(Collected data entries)
lemma block_average_approx:
  fixes h D :: "nat \<Rightarrow> real"
  assumes "m > 0"
    and block: "\<And>n. \<bar>h (n * m + q + m) - h (n * m + q) - D n\<bar> \<le> E"
    and incr: "\<And>t d. q \<le> t \<Longrightarrow> \<bar>h (t + d) - h t\<bar> \<le> real d * C"
    and mean: "(\<lambda>N. (\<Sum>n<N. D n) / N) \<longlonglongrightarrow> e"
    and "\<epsilon> > 0"
  shows "eventually (\<lambda>t. \<bar>h t / t - e / m\<bar> \<le> E / m + \<epsilon>) sequentially"
proof -
  define K where "K = real m * C + \<bar>h q\<bar> + \<bar>e\<bar> * (real m + q) / m"
  define err where "err t = K / t + \<bar>(\<Sum>n<(t - q) div m. D n) / ((t - q) div m) - e\<bar> / m" for t
  have "(\<lambda>t. K / real t) \<longlonglongrightarrow> 0"
    by (rule tendsto_divide_0[OF tendsto_const filterlim_at_top_imp_at_infinity[OF filterlim_real_sequentially]])
  moreover have "(\<lambda>t. (\<Sum>n<(t - q) div m. D n) / ((t - q) div m)) \<longlonglongrightarrow> e"
    using mean filterlim_div_at_top[OF \<open>m > 0\<close>] by (rule filterlim_compose)
  then have "(\<lambda>t. \<bar>(\<Sum>n<(t - q) div m. D n) / ((t - q) div m) - e\<bar> / m) \<longlonglongrightarrow> \<bar>e - e\<bar> / m"
    using \<open>m > 0\<close> by (intro tendsto_intros) auto
  ultimately have "err \<longlonglongrightarrow> 0 + 0"
    unfolding err_def by (intro tendsto_add) auto
  then have "eventually (\<lambda>t. err t < \<epsilon>) sequentially"
    using \<open>\<epsilon> > 0\<close> by (simp add: order_tendstoD(2))
  moreover have "eventually (\<lambda>t. \<bar>h t / t - e / m\<bar> \<le> E / m + err t) sequentially"
    using eventually_ge_at_top[of "max q 1"]
  proof eventually_elim
    case (elim t)
    then have "q \<le> t" "t > 0" by auto
    from block_average_bound[OF \<open>m > 0\<close> this block incr]
    show ?case unfolding err_def K_def .
  qed
  ultimately show ?thesis by eventually_elim simp
qed

lemma approximants_dist:
  fixes u a c :: "nat \<Rightarrow> real"
  assumes approx: "\<And>k \<epsilon>. \<epsilon> > 0 \<Longrightarrow> eventually (\<lambda>t. \<bar>u t - a k\<bar> \<le> c k + \<epsilon>) sequentially"
  shows "\<bar>a k - a k'\<bar> \<le> c k + c k'"
proof (rule field_le_epsilon)
  fix \<epsilon> :: real assume "\<epsilon> > 0"
  then have "eventually (\<lambda>t. \<bar>u t - a k\<bar> \<le> c k + \<epsilon> / 2 \<and> \<bar>u t - a k'\<bar> \<le> c k' + \<epsilon> / 2) sequentially"
    by (intro eventually_conj approx) auto
  then obtain t where "\<bar>u t - a k\<bar> \<le> c k + \<epsilon> / 2" "\<bar>u t - a k'\<bar> \<le> c k' + \<epsilon> / 2"
    using eventually_happens'[OF trivial_limit_sequentially] by blast
  then show "\<bar>a k - a k'\<bar> \<le> c k + c k' + \<epsilon>" by linarith
qed

lemma convergent_approximants:
  fixes u a c :: "nat \<Rightarrow> real"
  assumes "c \<longlonglongrightarrow> 0"
    and approx: "\<And>k \<epsilon>. \<epsilon> > 0 \<Longrightarrow> eventually (\<lambda>t. \<bar>u t - a k\<bar> \<le> c k + \<epsilon>) sequentially"
  shows "convergent a"
proof -
  have "Cauchy a"
  proof (rule CauchyI)
    fix \<epsilon> :: real assume "\<epsilon> > 0"
    then have "eventually (\<lambda>k. \<bar>c k\<bar> < \<epsilon> / 2) sequentially"
      using tendstoD[OF \<open>c \<longlonglongrightarrow> 0\<close>, of "\<epsilon> / 2"] by (simp add: dist_real_def)
    then obtain K where K: "\<And>k. k \<ge> K \<Longrightarrow> \<bar>c k\<bar> < \<epsilon> / 2"
      by (auto simp: eventually_sequentially)
    have "norm (a k - a k') < \<epsilon>" if "k \<ge> K" "k' \<ge> K" for k k'
      using approximants_dist[of u a c k k', OF approx] K[OF that(1)] K[OF that(2)] by simp
    then show "\<exists>M. \<forall>m\<ge>M. \<forall>n\<ge>M. norm (a m - a n) < \<epsilon>" by blast
  qed
  then show ?thesis by (simp add: Cauchy_convergent_iff)
qed

lemma tendsto_of_approximants:
  fixes u a c :: "nat \<Rightarrow> real"
  assumes "c \<longlonglongrightarrow> 0" "a \<longlonglongrightarrow> L"
    and approx: "\<And>k \<epsilon>. \<epsilon> > 0 \<Longrightarrow> eventually (\<lambda>t. \<bar>u t - a k\<bar> \<le> c k + \<epsilon>) sequentially"
  shows "u \<longlonglongrightarrow> L"
proof (rule tendstoI)
  fix \<epsilon> :: real assume "\<epsilon> > 0"
  have "eventually (\<lambda>k. dist (c k) 0 < \<epsilon> / 3 \<and> dist (a k) L < \<epsilon> / 3) sequentially"
    using assms(1,2) \<open>\<epsilon> > 0\<close> by (intro eventually_conj tendstoD) auto
  then obtain k where k: "\<bar>c k\<bar> < \<epsilon> / 3" "\<bar>a k - L\<bar> < \<epsilon> / 3"
    using eventually_happens'[OF trivial_limit_sequentially] by (auto simp: dist_real_def)
  have "eventually (\<lambda>t. \<bar>u t - a k\<bar> \<le> c k + \<epsilon> / 3) sequentially"
    using \<open>\<epsilon> > 0\<close> by (intro approx) simp
  then show "eventually (\<lambda>t. dist (u t) L < \<epsilon>) sequentially"
    by eventually_elim (use k in \<open>simp add: dist_real_def; linarith\<close>)
qed

lemma filterlim_at_top_of_log_rate:
  fixes g :: "nat \<Rightarrow> real"
  assumes rate: "(\<lambda>t. ln (g t) / real t) \<longlonglongrightarrow> L" and "L > 0"
    and pos: "eventually (\<lambda>t. g t > 0) sequentially"
  shows "filterlim g at_top sequentially"
proof -
  have "filterlim (\<lambda>t. ln (g t) / real t * real t) at_top sequentially"
    by (rule filterlim_tendsto_pos_mult_at_top[OF rate \<open>L > 0\<close> filterlim_real_sequentially])
  then have "filterlim (\<lambda>t. exp (ln (g t) / real t * real t)) at_top sequentially"
    by (rule filterlim_compose[OF exp_at_top])
  moreover have "eventually (\<lambda>t. exp (ln (g t) / real t * real t) = g t) sequentially"
    using pos eventually_gt_at_top[of 0] by eventually_elim simp
  ultimately show ?thesis
    by (rule filterlim_cong[OF refl refl, THEN iffD1, rotated])
qed

lemma growth_rate_pos_of_small_loss:
  fixes \<rho> \<pi> F \<Delta> :: real
  assumes "\<rho> > 0" "\<pi> < 1" "F > 0"
    and small: "\<Delta> < F * (1 - \<rho> powr (1 / (\<pi> - 1)))"
  shows "ln \<rho> + (1 - \<pi>) * ln (1 - \<Delta> / F) > 0"
proof -
  define Q where "Q = \<rho> powr (1 / (\<pi> - 1))"
  have "Q > 0" unfolding Q_def using \<open>\<rho> > 0\<close> by simp
  moreover have "Q < 1 - \<Delta> / F"
    using small \<open>F > 0\<close> unfolding Q_def by (simp add: field_simps)
  ultimately have "ln Q < ln (1 - \<Delta> / F)" by simp
  moreover have "ln Q = ln \<rho> / (\<pi> - 1)" unfolding Q_def using \<open>\<rho> > 0\<close> by (simp add: ln_powr)
  ultimately have "(1 - \<pi>) * (ln \<rho> / (\<pi> - 1)) < (1 - \<pi>) * ln (1 - \<Delta> / F)"
    using \<open>\<pi> < 1\<close> by (intro mult_strict_left_mono) auto
  moreover have "(1 - \<pi>) * (ln \<rho> / (\<pi> - 1)) = - ln \<rho>"
    using \<open>\<pi> < 1\<close> by (simp add: field_simps)
  ultimately show ?thesis by linarith
qed

section \<open>The growth-ratio recursion\<close>

locale two_env_leslie =
  fixes f F s \<Delta> :: real
  assumes f_pos: "f > 0" and F_pos: "F > 0" and s_pos: "s > 0"
    and \<Delta>_pos: "\<Delta> > 0" and \<Delta>_less: "\<Delta> < F"
begin

definition fec :: "nat \<Rightarrow> real" where
  "fec k = (if k = 1 then F else F - \<Delta>)"

definition env_matrix :: "nat \<Rightarrow> real^2^2" where
  "env_matrix k = leslie2 f (fec k) s"

lemma fec_pos: "fec k > 0" and fec_le: "fec k \<le> F"
  using F_pos \<Delta>_pos \<Delta>_less by (auto simp: fec_def)

text \<open>If the class-1 abundance grew by the factor \<open>x\<close> in the last step, it grows by
  \<open>ratio_map k x\<close> in the next step when environment \<open>k\<close> occurs, since
  \<open>z\<^sub>1(t+1) = f z\<^sub>1(t) + s fec(k) z\<^sub>1(t-1)\<close>.\<close>

definition ratio_map :: "nat \<Rightarrow> real \<Rightarrow> real" where
  "ratio_map k x = f + s * fec k / x"

definition "ratio_max = f + s * F / f"

definition "contraction_const = s * F / (f\<^sup>2 + s * F)"

lemma f_less_ratio_max: "f < ratio_max"
  using f_pos F_pos s_pos by (simp add: ratio_max_def)

lemma ratio_map_bounds:
  assumes "f \<le> x"
  shows "f \<le> ratio_map k x" "ratio_map k x \<le> ratio_max"
proof -
  have "x > 0" using assms f_pos by simp
  then show "f \<le> ratio_map k x" using s_pos fec_pos[of k] by (simp add: ratio_map_def)
  have "s * fec k / x \<le> s * F / x" using \<open>x > 0\<close> s_pos fec_le[of k] by (simp add: divide_right_mono)
  also have "\<dots> \<le> s * F / f" using \<open>x > 0\<close> s_pos F_pos assms f_pos by (simp add: frac_le)
  finally show "ratio_map k x \<le> ratio_max" by (simp add: ratio_map_def ratio_max_def)
qed

lemma ratio_map_antimono: "f \<le> x \<Longrightarrow> x \<le> y \<Longrightarrow> ratio_map k y \<le> ratio_map k x"
  using f_pos s_pos fec_pos[of k] unfolding ratio_map_def by (simp add: frac_le)

lemma contraction_const_bounds: "0 < contraction_const" "contraction_const < 1"
  using f_pos s_pos F_pos by (simp_all add: contraction_const_def add_pos_pos)

lemma fec_share_le_contraction_const:
  assumes "0 < c" "c \<le> s * F" "f \<le> u"
  shows "c / (f * u + c) \<le> contraction_const"
proof -
  have "c / (f * u + c) \<le> c / (f * f + c)"
    using assms f_pos by (intro divide_left_mono add_pos_pos mult_pos_pos mult_left_mono add_right_mono) auto
  also have "\<dots> \<le> s * F / (f * f + s * F)"
  proof -
    have "c * (f * f) \<le> s * F * (f * f)" using assms by (intro mult_right_mono) auto
    moreover have "f * f + c > 0" "f * f + s * F > 0" using assms f_pos by (simp_all add: add_pos_pos)
    ultimately show ?thesis by (simp add: field_simps)
  qed
  finally show ?thesis by (simp add: contraction_const_def power2_eq_square)
qed

lemma ln_ratio_map_plus_mono:
  assumes "f \<le> x" "x \<le> y"
  shows "ln (ratio_map k x) + contraction_const * ln x \<le> ln (ratio_map k y) + contraction_const * ln y"
proof -
  define c where "c = s * fec k"
  have c: "c > 0" "c \<le> s * F" using s_pos fec_pos[of k] fec_le[of k] by (auto simp: c_def)
  define h where "h u = ln (f + c / u) + contraction_const * ln u" for u
  have "h x \<le> h y"
  proof (rule DERIV_nonneg_imp_nondecreasing[OF assms(2)])
    fix u assume "x \<le> u" "u \<le> y"
    then have "u > 0" "f \<le> u" using assms f_pos by auto
    have "f * u + c > 0" using f_pos c \<open>u > 0\<close> by (intro add_pos_pos) auto
    have "f + c / u > 0" using f_pos c \<open>u > 0\<close> by (intro add_pos_pos) auto
    have D: "(h has_real_derivative (- c / u\<^sup>2) / (f + c / u) + contraction_const * (1 / u)) (at u)"
      unfolding h_def using \<open>u > 0\<close> \<open>f + c / u > 0\<close>
      by (auto intro!: derivative_eq_intros simp: power2_eq_square field_simps)
    have "f + c / u = (f * u + c) / u" using \<open>u > 0\<close> by (simp add: field_simps)
    then have "(- c / u\<^sup>2) / (f + c / u) = - c / (u * (f * u + c))"
      using \<open>u > 0\<close> \<open>f * u + c > 0\<close> by (simp add: field_simps power2_eq_square)
    moreover have "contraction_const * (1 / u) = contraction_const * (f * u + c) / (u * (f * u + c))"
      using \<open>f * u + c > 0\<close> by simp
    ultimately
    have "(- c / u\<^sup>2) / (f + c / u) + contraction_const * (1 / u)
        = - c / (u * (f * u + c)) + contraction_const * (f * u + c) / (u * (f * u + c))"
      by simp
    also have "\<dots> = (contraction_const * (f * u + c) - c) / (u * (f * u + c))"
      by (simp add: diff_divide_distrib)
    also have "\<dots> \<ge> 0"
      using fec_share_le_contraction_const[OF c \<open>f \<le> u\<close>] \<open>u > 0\<close> \<open>f * u + c > 0\<close>
      by (simp add: divide_le_eq)
    finally show "\<exists>d. (h has_real_derivative d) (at u) \<and> 0 \<le> d"
      using D by blast
  qed
  then show ?thesis by (simp add: h_def ratio_map_def c_def)
qed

_Prompt:_ Using the entries above, repeat only the lines from the one containing "f_pos by auto" through the one containing "by (auto intro!: derivative_eq_intros", end lines included.

_Answer space:_
    then have "u > 0" "f \<le> u" using assms f_pos by auto
    have "f * u + c > 0" using f_pos c \<open>u > 0\<close> by (intro add_pos_pos) auto
    have "f + c / u > 0" using f_pos c \<open>u > 0\<close> by (intro add_pos_pos) auto
    have D: "(h has_real_derivative (- c / u\<^sup>2) / (f + c / u) + contraction_const * (1 / u)) (at u)"
      unfolding h_def using \<open>u > 0\<close> \<open>f + c / u > 0\<close>
      by (auto intro!: derivative_eq_intros simp: power2_eq_square field_simps)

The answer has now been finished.